Trump Claims He Is a Macho Man
Susan Glasser has a great essay in today's online New Yorker. Here essential point is that, despite his frequent claims of how tough and macho he is, President Trump is a weak person unwilling or unable to do the hard work of leading and governing. The whole thing is worth reading. Here is an excerpt:
Trump ... [has] monopolized our public stage for the last five years. His desire to be the omnipresent macho man of our public life obscures his very real impotence in the face of indisputable events, like the killing of an innocent black man—or the outbreak of a deadly once-in-a-century pandemic. Now seems to be a rare instance when the hard cold unpleasant facts of what is happening in America have intruded in a most unwelcome way on the Trump Presidency. He is lagging in the polls five months before the Presidential election and, despite trying desperately for the last two and a half months, he has not succeeded in distracting Americans from the awful new normal imposed on our society by the coronavirus and his Administration’s botched handling of it.
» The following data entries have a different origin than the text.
lemma has_integral_even_power_mult_cos:
  fixes a L :: real
  assumes "cos (a * L) = 0" "a \<noteq> 0" "0 \<le> L"
  shows "((\<lambda>x. x ^ (2*m) * cos (a * x)) has_integral
           (\<Sum>j=0..m. (-1)^j * fact (2*m) / fact (2*m - 2*j) * L ^ (2*m - 2*j) * sin (a * L) / a ^ (2*j+1)))
         {0..L}"
proof (induction m)
  case 0
  have "((\<lambda>x. sin (a * x) / a) has_real_derivative cos (a * x)) (at x)" for x
    using assms(2) by (auto intro!: derivative_eq_intros)
  then have "((\<lambda>x. cos (a * x)) has_integral sin (a * L) / a - sin (a * 0) / a) {0..L}"
    using assms(3) by (intro fundamental_theorem_of_calculus)
      (auto simp: has_real_derivative_iff_has_vector_derivative[symmetric] intro: has_field_derivative_at_within)
  then show ?case by simp
next
  case (Suc m)
  let ?S = "\<lambda>m. \<Sum>j=0..m. (-1)^j * fact (2*m) / fact (2*m - 2*j) * L ^ (2*m - 2*j) * sin (a * L) / a ^ (2*j+1)"
  have fact_step: "fact (2 * Suc m) = real (2*m + 2) * real (2*m + 1) * (fact (2*m) :: real)"
    by (simp add: algebra_simps)
  have "?S (Suc m) = L ^ (2*m + 2) * sin (a * L) / a
      + (\<Sum>j=0..m. (-1)^Suc j * fact (2 * Suc m) / fact (2 * Suc m - 2 * Suc j)
           * L ^ (2 * Suc m - 2 * Suc j) * sin (a * L) / a ^ (2 * Suc j + 1))"
    by (subst sum.atLeast0_atMost_Suc_shift) simp
  also have "\<dots> = L ^ (2*m + 2) * sin (a * L) / a - real (2*m + 2) * real (2*m + 1) / a\<^sup>2 * ?S m"
    unfolding sum_distrib_left diff_conv_add_uminus sum_negf[symmetric] fact_step using assms(2)
    by (intro arg_cong2[where f = "(+)"] sum.cong) (simp_all add: field_simps power2_eq_square)
  finally show ?case
    using has_integral_power_mult_cos_reduction[OF assms Suc.IH] by (simp add: mult_2_right)
qed

definition moment_coeff :: "nat \<Rightarrow> nat \<Rightarrow> real" where
  "moment_coeff m j = (-1)^j * fact (2*m) / fact (2*m - 2*j) * (pi/2) ^ (2*m - 2*j)"

definition cos_moment :: "nat \<Rightarrow> nat \<Rightarrow> real" where
  "cos_moment m n = (\<Sum>j=0..m. moment_coeff m j * ((-1)^n / (2 * real n + 1) ^ (2*j+1)))"

lemma cos_odd_mult_pi_half: "cos ((2 * real n + 1) * (pi/2)) = 0"
  and sin_odd_mult_pi_half: "sin ((2 * real n + 1) * (pi/2)) = (-1)^n"
proof -
  have arg: "(2 * real n + 1) * (pi/2) = real n * pi + pi/2"
    by (simp add: algebra_simps)
  show "cos ((2 * real n + 1) * (pi/2)) = 0" "sin ((2 * real n + 1) * (pi/2)) = (-1)^n"
    unfolding arg by (simp_all add: cos_add sin_add)
qed

lemma has_integral_cos_moment:
  "((\<lambda>x. x ^ (2*m) * cos ((2 * real n + 1) * x)) has_integral cos_moment m n) {0..pi/2}"
  using has_integral_even_power_mult_cos[OF cos_odd_mult_pi_half, of n m]
  unfolding sin_odd_mult_pi_half by (simp add: cos_moment_def moment_coeff_def mult.assoc)

lemma abs_cos_moment_le:
  "\<bar>cos_moment m n\<bar> \<le> (\<Sum>j=0..m. \<bar>moment_coeff m j\<bar>) / (2 * real n + 1)"
proof -
  have "\<bar>cos_moment m n\<bar> \<le> (\<Sum>j=0..m. \<bar>moment_coeff m j\<bar> * (1 / (2 * real n + 1) ^ (2*j+1)))"
    unfolding cos_moment_def by (rule order_trans[OF sum_abs]) (simp add: abs_mult power_abs)
  also have "\<dots> \<le> (\<Sum>j=0..m. \<bar>moment_coeff m j\<bar> * (1 / (2 * real n + 1)))"
    by (intro sum_mono mult_left_mono divide_left_mono self_le_power) auto
  finally show ?thesis
    by (simp add: sum_divide_distrib)
qed

lemma abs_cos_moment_le_coeff_sum: "\<bar>cos_moment m n\<bar> \<le> (\<Sum>j=0..m. \<bar>moment_coeff m j\<bar>)"
proof -
  have "(\<Sum>j=0..m. \<bar>moment_coeff m j\<bar>) / (2 * real n + 1) \<le> (\<Sum>j=0..m. \<bar>moment_coeff m j\<bar>) / 1"
    by (intro divide_left_mono sum_nonneg) auto
  with abs_cos_moment_le[of m n] show ?thesis
    by simp
qed

lemma summable_abs_cos_moment_mult_power:
  fixes y :: real
  assumes "\<bar>y\<bar> < 1"
  shows "summable (\<lambda>n. \<bar>cos_moment m n\<bar> * \<bar>y\<bar>^n)"
proof -
  have "\<forall>n. norm (\<bar>cos_moment m n\<bar> * \<bar>y\<bar>^n) \<le> (\<Sum>j=0..m. \<bar>moment_coeff m j\<bar>) * \<bar>y\<bar>^n"
    by (simp add: mult_right_mono abs_cos_moment_le_coeff_sum)
  moreover have "summable (\<lambda>n. (\<Sum>j=0..m. \<bar>moment_coeff m j\<bar>) * \<bar>y\<bar>^n)"
    using assms by (intro summable_mult summable_geometric) simp
  ultimately show ?thesis
    by (rule summable_comparison_test_ev[OF always_eventually])
qed

(* |1 - y e^(2ix)|^2 *)
definition poisson_den :: "real \<Rightarrow> real \<Rightarrow> real" where
  "poisson_den x y = 1 - 2 * y * cos (2 * x) + y\<^sup>2"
We don’t know yet how the last few days will reshape Trump or his Presidency. Is this the beginning of a long, hot summer of discord in our cities that will cause a white American backlash of the sort that Trump has long encouraged and embraced? In the past, Trump has shamelessly stoked racial discord and divisiveness for political gain. He is expert at blame-shifting and dog-whistling. In his tweets on Sunday afternoon, he was already conjuring the spirit of Richard Nixon in 1968 to call for “law and order” as another long night of mayhem looms. He may briefly hunker down in his White House bunker, but he has never done so for long. If this crisis is like any of the many others in his life, Trump will talk and tweet and tweet and talk no matter how many Americans wish he would just shut up. Irrefutable events, however, are piling up on the Trump Presidency, and, although it is only May, 2020 has already given us an impeachment trial, a deadly plague, and the biggest economic collapse since the Great Depression. We can now add the worst riots in a generation to this election year’s grim bid for the history books. Will that finally be enough to silence Donald Trump?